EXTRACTED RECORDS Start Marker
(* Let $F$ be a complete posheaf on a locale $X$. The following are equivalent: (1) $F$ is a complete Heyting sheaf, i.e. $sup_F\circ\mu_F=m_F\circ(1_F\times sup_F)$ as morphisms $F\times\mathbb{P}F\to F$. (2) Each $F(u)$, $u\in\mathcal{O}(X)$, is a complete Heyting algebra (frame), and for all $v\le u$ in $\mathcal{O}(X)$, $x\in F(u)$, $y\in F(v)$: $x\wedge l_{v,u}(y)=l_{v,u}(x|_v\wedge y)$, where $l_{v,u}:F(v)\to F(u)$ is the left adjoint of the restriction map $F(u)\to F(v)$.
   Context: Let $X$ be a locale with frame of opens $\mathcal{O}(X)$. A posheaf on $X$ is a sheaf of sets $F$ with (POS1) each $F(u)$ a poset; (POS2) restriction maps $F(u)\to F(v)$, $x\mapsto x|_v$ ($v\le u$), order-preserving; (POS3) if $u=\bigvee_i u_i$ and $s,t\in F(u)$ satisfy $s|_{u_i}\le t|_{u_i}$ for all $i$, then $s\le t$. A posheaf $F$ is complete iff every $F(u)$ is a complete lattice and every restriction map $F(u)\to F(v)$ ($v\le u$) is surjective and has both a left and a right adjoint (equivalently, the principal ideal embedding into the sheaf of downsheaves has a left adjoint, adjointness taken with respect to the order on points $x\in F(u)$, $y\in F(w)$: $x\le y$ iff $u\le w$ and $x\le y|_u$). $\mathbb{P}F$ is the sheaf with $\mathbb{P}F(u)$ the set of subsheaves of $F^u$ (the restriction of $F$ to $\downarrow u$), with restriction $S\mapsto S^v$. For complete $F$, $sup_F:\mathbb{P}F\to F$ sends $S\in\mathbb{P}F(u)$ to the least $z\in F(u)$ with $S(v)\subseteq\{y\in F(v)\mid y\le z|_v\}$ for all $v\le u$. $m_F:F\times F\to F$ is the componentwise binary meet $(x,y)\mapsto x\wedge y$ in $F(u)$ (the right adjoint of the diagonal). $\mu_F:F\times\mathbb{P}F\to\mathbb{P}F$ sends $(x,S)$, $x\in F(u)$, $S\in\mathbb{P}F(u)$, to the subsheaf of $F^u$ generated by the presheaf $v\mapsto\{x|_v\wedge y\mid y\in S(v)\}$, $v\le u$. *)

theory Defs
  imports Main
begin
(* Write T = u w0 v and T' = u w v with |w| <= 1. Every string x counted is left-maximal in T,
   so D_T'(x) is at most D_T(x) plus the number of new right extensions x c (substrings of T'
   but not of T), and D_T(x) <= 1 unless x is right-maximal in T. Hence the sum is at most
   size(T), plus one for each x that became right-maximal, plus the number of new extensions.

   A new extension or a new right-maximality of x is witnessed by an occurrence in T' lying
   neither inside u nor inside v. It starts at some j <= |u| such that u[j..] is a prefix of x,
   hence left-maximal in T, and x is the longest prefix of T'[j..] occurring in T, so j
   determines x (and c). Extending each left-maximal suffix of u along T until it becomes
   right-maximal yields pairwise distinct maximal repeats of T, so there are at most
   |M(T)| <= size(T) + 1 such positions j. *)

lemma finite_Substr: "finite (Substr T)"
  unfolding Substr_def set_sublists_eq[symmetric] by (rule List.finite_set)

lemma Substr_sublist_closed: "sublist x y \<Longrightarrow> y \<in> Substr T \<Longrightarrow> x \<in> Substr T"
  unfolding Substr_def using sublist_order.order_trans by blast

lemma Substr_appendI: "T = p @ w @ q \<Longrightarrow> w \<in> Substr T"
  unfolding Substr_def by auto

lemma LeftM_Substr: "LeftM T \<subseteq> Substr T"
  unfolding LeftM_def by auto

lemma finite_LeftM: "finite (LeftM T)"
  using finite_Substr LeftM_Substr finite_subset by blast

lemma finite_MaxRep: "finite (MaxRep T)"
  unfolding MaxRep_def using finite_LeftM by blast

lemma finite_right_extensions: "finite {a. x @ [a] \<in> Substr T}"
proof -
  have "{a. x @ [a] \<in> Substr T} \<subseteq> set T"
    unfolding Substr_def using set_mono_sublist by fastforce
  then show ?thesis using finite_subset by blast
qed

lemma LeftM_prefix_closed:
  assumes "x \<in> LeftM T" "prefix s x"
  shows "s \<in> LeftM T"
proof -
  have s_sub: "s \<in> Substr T"
    using assms LeftM_Substr Substr_sublist_closed prefix_imp_sublist by blast
  from assms(1) consider "x \<in> Prefixes T"
    | a b where "a \<noteq> b" "a # x \<in> Substr T" "b # x \<in> Substr T"
    unfolding LeftM_def by blast
  then show ?thesis
  proof cases
    case 1
    then have "s \<in> Prefixes T"
      using assms(2) unfolding Prefixes_def using prefix_order.order_trans by blast
    then show ?thesis using s_sub unfolding LeftM_def by blast
  next
    case 2
    have "prefix (a # s) (a # x)" "prefix (b # s) (b # x)" using assms(2) by auto
    then have "a # s \<in> Substr T" "b # s \<in> Substr T"
      using 2 Substr_sublist_closed prefix_imp_sublist by blast+
    then show ?thesis using 2(1) s_sub unfolding LeftM_def by blast
  qed
qed

lemma Dout_le_1_if_not_RightM:
  assumes "x \<in> Substr T" "x \<notin> RightM T"
  shows "Dout T x \<le> 1"
proof -
  have "a = b" if "x @ [a] \<in> Substr T" "x @ [b] \<in> Substr T" for a b
    using assms that unfolding RightM_def by blast
  then show ?thesis
    unfolding Dout_def by (simp add: card_le_Suc0_iff_eq[OF finite_right_extensions])
qed

lemma right_extension_exists:
  assumes "y \<in> LeftM T" "y \<noteq> T"
  shows "\<exists>a. y @ [a] \<in> Substr T"
proof (rule ccontr)
  assume none: "\<nexists>a. y @ [a] \<in> Substr T"
  have at_end: "q = []" if "T = p @ y @ q" for p q
  proof (cases q)
    case (Cons c q')
    then have "y @ [c] \<in> Substr T" using that Substr_appendI[of T p "y @ [c]" q'] by simp
    with none show ?thesis by blast
  qed
  from assms(1) consider t where "T = y @ t"
    | a b p1 q1 p2 q2 where "a \<noteq> b" "T = p1 @ (a # y) @ q1" "T = p2 @ (b # y) @ q2"
    unfolding LeftM_def Prefixes_def Substr_def prefix_def sublist_def by blast
  then show False
  proof cases
    case 1
    then show False using at_end[of "[]" t] assms(2) by simp
  next
    case 2
    have "q1 = []" "q2 = []" using 2 at_end[of "p1 @ [a]" q1] at_end[of "p2 @ [b]" q2] by simp_all
    then have "(p1 @ [a]) @ y = (p2 @ [b]) @ y" using 2 by simp
    then show False using 2(1) by simp
  qed
qed

lemma card_MaxRep_le: "card (MaxRep T) \<le> cdawg_size T + 1"
proof -
  have "card (MaxRep T - {T}) = (\<Sum>y\<in>MaxRep T - {T}. 1)" by simp
  also have "\<dots> \<le> (\<Sum>y\<in>MaxRep T - {T}. Dout T y)"
  proof (rule sum_mono)
    fix y assume "y \<in> MaxRep T - {T}"
    then obtain a where "a \<in> {a. y @ [a] \<in> Substr T}"
      using right_extension_exists unfolding MaxRep_def by blast
    then show "1 \<le> Dout T y"
      unfolding Dout_def using finite_right_extensions by (simp add: Suc_le_eq card_gt_0_iff) blast
  qed
  also have "\<dots> \<le> cdawg_size T"
    unfolding cdawg_size_def by (rule sum_mono2) (use finite_MaxRep in auto)
  finally have "card (MaxRep T - {T}) \<le> cdawg_size T" .
  moreover have "card (MaxRep T) \<le> card (MaxRep T - {T}) + 1"
    by (simp add: card_Diff_singleton_if finite_MaxRep; arith)
  ultimately show ?thesis by linarith
qed

lemma not_RightM_occurrence_continues:
  assumes "w \<notin> RightM T" "T = p @ w @ q" "w @ [b] \<in> Substr T"
  shows "\<exists>q'. q = b # q'"
proof (cases q)
  case Nil
  then have "w \<in> Suffixes T" using assms(2) unfolding Suffixes_def suffix_def by simp
  then show ?thesis using assms(1,2) Substr_appendI unfolding RightM_def by blast
next
  case (Cons c q')
  then have "w @ [c] \<in> Substr T" using assms(2) Substr_appendI[of T p "w @ [c]" q'] by simp
  then have "c = b" using assms Substr_appendI unfolding RightM_def by blast
  then show ?thesis using Cons by blast
qed

lemma LeftM_snoc_if_not_RightM:
  assumes L: "w \<in> LeftM T" and R: "w \<notin> RightM T" and b: "w @ [b] \<in> Substr T"
  shows "w @ [b] \<in> LeftM T"
proof -
  from L consider t where "T = [] @ w @ t"
    | a a' where "a \<noteq> a'" "a # w \<in> Substr T" "a' # w \<in> Substr T"
    unfolding LeftM_def Prefixes_def prefix_def by auto
  then show ?thesis
  proof cases
    case 1
    then obtain t' where "T = (w @ [b]) @ t'"
      using not_RightM_occurrence_continues[OF R 1 b] by auto
    then show ?thesis using b unfolding LeftM_def Prefixes_def by auto
  next
    case 2
    have extend: "a0 # w @ [b] \<in> Substr T" if a0w: "a0 # w \<in> Substr T" for a0
    proof -
      obtain p q where "T = p @ (a0 # w) @ q"
        using a0w unfolding Substr_def sublist_def by blast
      then have "T = (p @ [a0]) @ w @ q" by simp
      with not_RightM_occurrence_continues[OF R this b] obtain q' where "T = p @ (a0 # w @ [b]) @ q'"
        by auto
      then show ?thesis by (rule Substr_appendI)
    qed
    show ?thesis using 2 extend b unfolding LeftM_def by blast
  qed
qed

definition closure_len :: "'a list \<Rightarrow> 'a list \<Rightarrow> 'a list \<Rightarrow> nat" where
  "closure_len T s r = (LEAST m. s @ take m r \<in> RightM T)"

locale occurrence =
  fixes T p s r :: "'a list"
  assumes T_eq: "T = p @ s @ r"
begin

abbreviation m :: nat where "m \<equiv> closure_len T s r"

lemma Substr_take: "s @ take k r \<in> Substr T"
  using T_eq Substr_appendI[of T p "s @ take k r" "drop k r"] by simp

lemma RightM_whole: "s @ take (length r) r \<in> RightM T"
  using T_eq Substr_take[of "length r"] unfolding RightM_def Suffixes_def suffix_def by auto

lemma closure_len_le: "m \<le> length r"
  unfolding closure_len_def by (rule Least_le[where P = "\<lambda>k. s @ take k r \<in> RightM T", OF RightM_whole])

lemma closure_RightM: "s @ take m r \<in> RightM T"
  unfolding closure_len_def by (rule LeastI[where P = "\<lambda>k. s @ take k r \<in> RightM T", OF RightM_whole])

lemma not_RightM_below_closure: "k < m \<Longrightarrow> s @ take k r \<notin> RightM T"
  unfolding closure_len_def by (rule not_less_Least)

lemma take_Suc_below_closure: "k < m \<Longrightarrow> take (Suc k) r = take k r @ [r ! k]"
  using closure_len_le by (simp add: take_Suc_conv_app_nth)

lemma LeftM_below_closure:
  assumes "s \<in> LeftM T"
  shows "k \<le> m \<Longrightarrow> s @ take k r \<in> LeftM T"
proof (induction k)
  case 0
  then show ?case using assms by simp
next
  case (Suc k)
  then have "s @ take k r \<in> LeftM T" by simp
  moreover have "(s @ take k r) @ [r ! k] \<in> Substr T"
    using Substr_take[of "Suc k"] take_Suc_below_closure Suc.prems by simp
  ultimately have "(s @ take k r) @ [r ! k] \<in> LeftM T"
    using LeftM_snoc_if_not_RightM[of "s @ take k r" T "r ! k"] not_RightM_below_closure[of k] Suc.prems
    by simp
  then show ?case using take_Suc_below_closure Suc.prems by simp
qed

lemma closure_MaxRep: "s \<in> LeftM T \<Longrightarrow> s @ take m r \<in> MaxRep T"
  using LeftM_below_closure closure_RightM unfolding MaxRep_def by blast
EXTRACTED RECORDS End Marker
EXERCISE DIRECTIONS
Please copy each line of the records above in which the word "that" can be found.

ANSWER TO THE EXERCISE
   size(T), plus one for each x that became right-maximal, plus the number of new extensions.
   neither inside u nor inside v. It starts at some j <= |u| such that u[j..] is a prefix of x,
    using assms that unfolding RightM_def by blast
    then have "y @ [c] \<in> Substr T" using that Substr_appendI[of T p "y @ [c]" q'] by simp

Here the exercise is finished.